=== Begin Enclosure ===

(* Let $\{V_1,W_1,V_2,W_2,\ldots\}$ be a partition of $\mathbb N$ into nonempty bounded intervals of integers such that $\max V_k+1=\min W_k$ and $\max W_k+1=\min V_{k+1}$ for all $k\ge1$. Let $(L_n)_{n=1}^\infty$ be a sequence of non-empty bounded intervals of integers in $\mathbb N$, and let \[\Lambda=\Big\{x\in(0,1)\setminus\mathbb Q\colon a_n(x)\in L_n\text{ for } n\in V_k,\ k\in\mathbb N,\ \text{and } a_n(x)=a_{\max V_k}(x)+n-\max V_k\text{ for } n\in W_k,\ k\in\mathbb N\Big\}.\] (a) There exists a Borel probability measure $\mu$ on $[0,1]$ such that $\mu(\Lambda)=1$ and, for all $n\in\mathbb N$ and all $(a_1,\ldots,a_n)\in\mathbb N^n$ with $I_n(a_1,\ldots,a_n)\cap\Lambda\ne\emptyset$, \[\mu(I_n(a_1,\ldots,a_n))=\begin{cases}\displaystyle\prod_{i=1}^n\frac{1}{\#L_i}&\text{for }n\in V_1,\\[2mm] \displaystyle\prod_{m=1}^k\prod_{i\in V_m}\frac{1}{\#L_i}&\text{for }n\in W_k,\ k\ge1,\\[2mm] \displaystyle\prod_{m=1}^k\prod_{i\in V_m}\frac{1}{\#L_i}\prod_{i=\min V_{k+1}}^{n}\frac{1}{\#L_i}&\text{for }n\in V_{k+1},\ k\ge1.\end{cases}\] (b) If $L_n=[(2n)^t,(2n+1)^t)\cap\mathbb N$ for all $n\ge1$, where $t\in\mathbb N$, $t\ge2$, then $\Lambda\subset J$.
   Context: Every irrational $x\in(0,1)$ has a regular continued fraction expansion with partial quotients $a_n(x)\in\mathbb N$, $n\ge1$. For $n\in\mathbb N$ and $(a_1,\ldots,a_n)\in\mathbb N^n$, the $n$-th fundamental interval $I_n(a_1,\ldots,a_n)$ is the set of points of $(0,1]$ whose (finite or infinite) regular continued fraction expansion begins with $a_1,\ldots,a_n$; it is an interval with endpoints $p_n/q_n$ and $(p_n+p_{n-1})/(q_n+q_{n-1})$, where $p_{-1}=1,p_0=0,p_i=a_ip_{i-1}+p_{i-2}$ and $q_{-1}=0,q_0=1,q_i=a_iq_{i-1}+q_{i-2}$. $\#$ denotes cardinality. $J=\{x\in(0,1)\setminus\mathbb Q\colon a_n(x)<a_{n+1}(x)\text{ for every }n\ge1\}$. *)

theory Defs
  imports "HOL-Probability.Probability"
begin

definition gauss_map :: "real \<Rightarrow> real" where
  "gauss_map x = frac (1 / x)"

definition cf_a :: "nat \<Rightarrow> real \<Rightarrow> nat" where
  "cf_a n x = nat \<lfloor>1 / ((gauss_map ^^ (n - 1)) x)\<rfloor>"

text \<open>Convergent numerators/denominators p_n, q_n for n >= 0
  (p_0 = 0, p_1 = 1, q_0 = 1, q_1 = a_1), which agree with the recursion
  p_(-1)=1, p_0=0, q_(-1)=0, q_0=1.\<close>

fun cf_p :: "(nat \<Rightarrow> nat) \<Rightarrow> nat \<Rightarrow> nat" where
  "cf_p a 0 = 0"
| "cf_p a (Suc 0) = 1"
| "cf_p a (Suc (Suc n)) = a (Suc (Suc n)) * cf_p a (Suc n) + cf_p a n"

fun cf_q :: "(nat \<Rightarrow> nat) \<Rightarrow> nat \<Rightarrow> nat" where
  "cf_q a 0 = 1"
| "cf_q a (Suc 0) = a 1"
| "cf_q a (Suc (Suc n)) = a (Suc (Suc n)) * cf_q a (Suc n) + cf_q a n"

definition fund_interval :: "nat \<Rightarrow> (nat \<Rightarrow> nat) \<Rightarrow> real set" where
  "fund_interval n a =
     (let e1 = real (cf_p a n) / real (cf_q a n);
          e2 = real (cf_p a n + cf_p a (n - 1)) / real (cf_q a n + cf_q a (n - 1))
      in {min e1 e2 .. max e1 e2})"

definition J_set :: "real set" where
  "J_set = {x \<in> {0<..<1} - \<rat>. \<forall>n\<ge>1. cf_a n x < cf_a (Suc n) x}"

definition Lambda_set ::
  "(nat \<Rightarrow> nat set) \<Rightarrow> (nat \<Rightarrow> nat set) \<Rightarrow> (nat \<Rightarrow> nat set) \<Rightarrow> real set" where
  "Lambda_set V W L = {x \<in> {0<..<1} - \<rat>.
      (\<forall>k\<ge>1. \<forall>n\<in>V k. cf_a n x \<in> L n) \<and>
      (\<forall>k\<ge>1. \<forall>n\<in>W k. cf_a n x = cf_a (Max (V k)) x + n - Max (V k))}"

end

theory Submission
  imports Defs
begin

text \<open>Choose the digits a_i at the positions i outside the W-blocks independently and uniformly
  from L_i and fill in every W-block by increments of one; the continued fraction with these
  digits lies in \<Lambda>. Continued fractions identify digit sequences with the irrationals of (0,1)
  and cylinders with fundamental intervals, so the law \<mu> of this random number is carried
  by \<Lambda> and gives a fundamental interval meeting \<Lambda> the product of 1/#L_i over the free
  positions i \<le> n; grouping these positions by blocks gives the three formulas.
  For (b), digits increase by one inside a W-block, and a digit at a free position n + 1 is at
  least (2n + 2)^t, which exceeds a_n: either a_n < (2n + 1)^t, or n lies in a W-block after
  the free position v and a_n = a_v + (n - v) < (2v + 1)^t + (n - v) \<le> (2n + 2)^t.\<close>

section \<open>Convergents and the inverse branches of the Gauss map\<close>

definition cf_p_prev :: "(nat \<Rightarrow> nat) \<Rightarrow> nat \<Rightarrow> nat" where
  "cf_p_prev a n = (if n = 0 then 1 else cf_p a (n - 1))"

=== End Enclosure ===

AIM OF THE TASK ▸ An exact copy of the data, with every line intact, is the required answer.

SOLUTION FOR THIS TASK ▸
(* Let $\{V_1,W_1,V_2,W_2,\ldots\}$ be a partition of $\mathbb N$ into nonempty bounded intervals of integers such that $\max V_k+1=\min W_k$ and $\max W_k+1=\min V_{k+1}$ for all $k\ge1$. Let $(L_n)_{n=1}^\infty$ be a sequence of non-empty bounded intervals of integers in $\mathbb N$, and let \[\Lambda=\Big\{x\in(0,1)\setminus\mathbb Q\colon a_n(x)\in L_n\text{ for } n\in V_k,\ k\in\mathbb N,\ \text{and } a_n(x)=a_{\max V_k}(x)+n-\max V_k\text{ for } n\in W_k,\ k\in\mathbb N\Big\}.\] (a) There exists a Borel probability measure $\mu$ on $[0,1]$ such that $\mu(\Lambda)=1$ and, for all $n\in\mathbb N$ and all $(a_1,\ldots,a_n)\in\mathbb N^n$ with $I_n(a_1,\ldots,a_n)\cap\Lambda\ne\emptyset$, \[\mu(I_n(a_1,\ldots,a_n))=\begin{cases}\displaystyle\prod_{i=1}^n\frac{1}{\#L_i}&\text{for }n\in V_1,\\[2mm] \displaystyle\prod_{m=1}^k\prod_{i\in V_m}\frac{1}{\#L_i}&\text{for }n\in W_k,\ k\ge1,\\[2mm] \displaystyle\prod_{m=1}^k\prod_{i\in V_m}\frac{1}{\#L_i}\prod_{i=\min V_{k+1}}^{n}\frac{1}{\#L_i}&\text{for }n\in V_{k+1},\ k\ge1.\end{cases}\] (b) If $L_n=[(2n)^t,(2n+1)^t)\cap\mathbb N$ for all $n\ge1$, where $t\in\mathbb N$, $t\ge2$, then $\Lambda\subset J$.
   Context: Every irrational $x\in(0,1)$ has a regular continued fraction expansion with partial quotients $a_n(x)\in\mathbb N$, $n\ge1$. For $n\in\mathbb N$ and $(a_1,\ldots,a_n)\in\mathbb N^n$, the $n$-th fundamental interval $I_n(a_1,\ldots,a_n)$ is the set of points of $(0,1]$ whose (finite or infinite) regular continued fraction expansion begins with $a_1,\ldots,a_n$; it is an interval with endpoints $p_n/q_n$ and $(p_n+p_{n-1})/(q_n+q_{n-1})$, where $p_{-1}=1,p_0=0,p_i=a_ip_{i-1}+p_{i-2}$ and $q_{-1}=0,q_0=1,q_i=a_iq_{i-1}+q_{i-2}$. $\#$ denotes cardinality. $J=\{x\in(0,1)\setminus\mathbb Q\colon a_n(x)<a_{n+1}(x)\text{ for every }n\ge1\}$. *)

theory Defs
  imports "HOL-Probability.Probability"
begin

definition gauss_map :: "real \<Rightarrow> real" where
  "gauss_map x = frac (1 / x)"

definition cf_a :: "nat \<Rightarrow> real \<Rightarrow> nat" where
  "cf_a n x = nat \<lfloor>1 / ((gauss_map ^^ (n - 1)) x)\<rfloor>"

text \<open>Convergent numerators/denominators p_n, q_n for n >= 0
  (p_0 = 0, p_1 = 1, q_0 = 1, q_1 = a_1), which agree with the recursion
  p_(-1)=1, p_0=0, q_(-1)=0, q_0=1.\<close>

fun cf_p :: "(nat \<Rightarrow> nat) \<Rightarrow> nat \<Rightarrow> nat" where
  "cf_p a 0 = 0"
| "cf_p a (Suc 0) = 1"
| "cf_p a (Suc (Suc n)) = a (Suc (Suc n)) * cf_p a (Suc n) + cf_p a n"

fun cf_q :: "(nat \<Rightarrow> nat) \<Rightarrow> nat \<Rightarrow> nat" where
  "cf_q a 0 = 1"
| "cf_q a (Suc 0) = a 1"
| "cf_q a (Suc (Suc n)) = a (Suc (Suc n)) * cf_q a (Suc n) + cf_q a n"

definition fund_interval :: "nat \<Rightarrow> (nat \<Rightarrow> nat) \<Rightarrow> real set" where
  "fund_interval n a =
     (let e1 = real (cf_p a n) / real (cf_q a n);
          e2 = real (cf_p a n + cf_p a (n - 1)) / real (cf_q a n + cf_q a (n - 1))
      in {min e1 e2 .. max e1 e2})"

definition J_set :: "real set" where
  "J_set = {x \<in> {0<..<1} - \<rat>. \<forall>n\<ge>1. cf_a n x < cf_a (Suc n) x}"

definition Lambda_set ::
  "(nat \<Rightarrow> nat set) \<Rightarrow> (nat \<Rightarrow> nat set) \<Rightarrow> (nat \<Rightarrow> nat set) \<Rightarrow> real set" where
  "Lambda_set V W L = {x \<in> {0<..<1} - \<rat>.
      (\<forall>k\<ge>1. \<forall>n\<in>V k. cf_a n x \<in> L n) \<and>
      (\<forall>k\<ge>1. \<forall>n\<in>W k. cf_a n x = cf_a (Max (V k)) x + n - Max (V k))}"

end

theory Submission
  imports Defs
begin

text \<open>Choose the digits a_i at the positions i outside the W-blocks independently and uniformly
  from L_i and fill in every W-block by increments of one; the continued fraction with these
  digits lies in \<Lambda>. Continued fractions identify digit sequences with the irrationals of (0,1)
  and cylinders with fundamental intervals, so the law \<mu> of this random number is carried
  by \<Lambda> and gives a fundamental interval meeting \<Lambda> the product of 1/#L_i over the free
  positions i \<le> n; grouping these positions by blocks gives the three formulas.
  For (b), digits increase by one inside a W-block, and a digit at a free position n + 1 is at
  least (2n + 2)^t, which exceeds a_n: either a_n < (2n + 1)^t, or n lies in a W-block after
  the free position v and a_n = a_v + (n - v) < (2v + 1)^t + (n - v) \<le> (2n + 2)^t.\<close>

section \<open>Convergents and the inverse branches of the Gauss map\<close>

definition cf_p_prev :: "(nat \<Rightarrow> nat) \<Rightarrow> nat \<Rightarrow> nat" where
  "cf_p_prev a n = (if n = 0 then 1 else cf_p a (n - 1))"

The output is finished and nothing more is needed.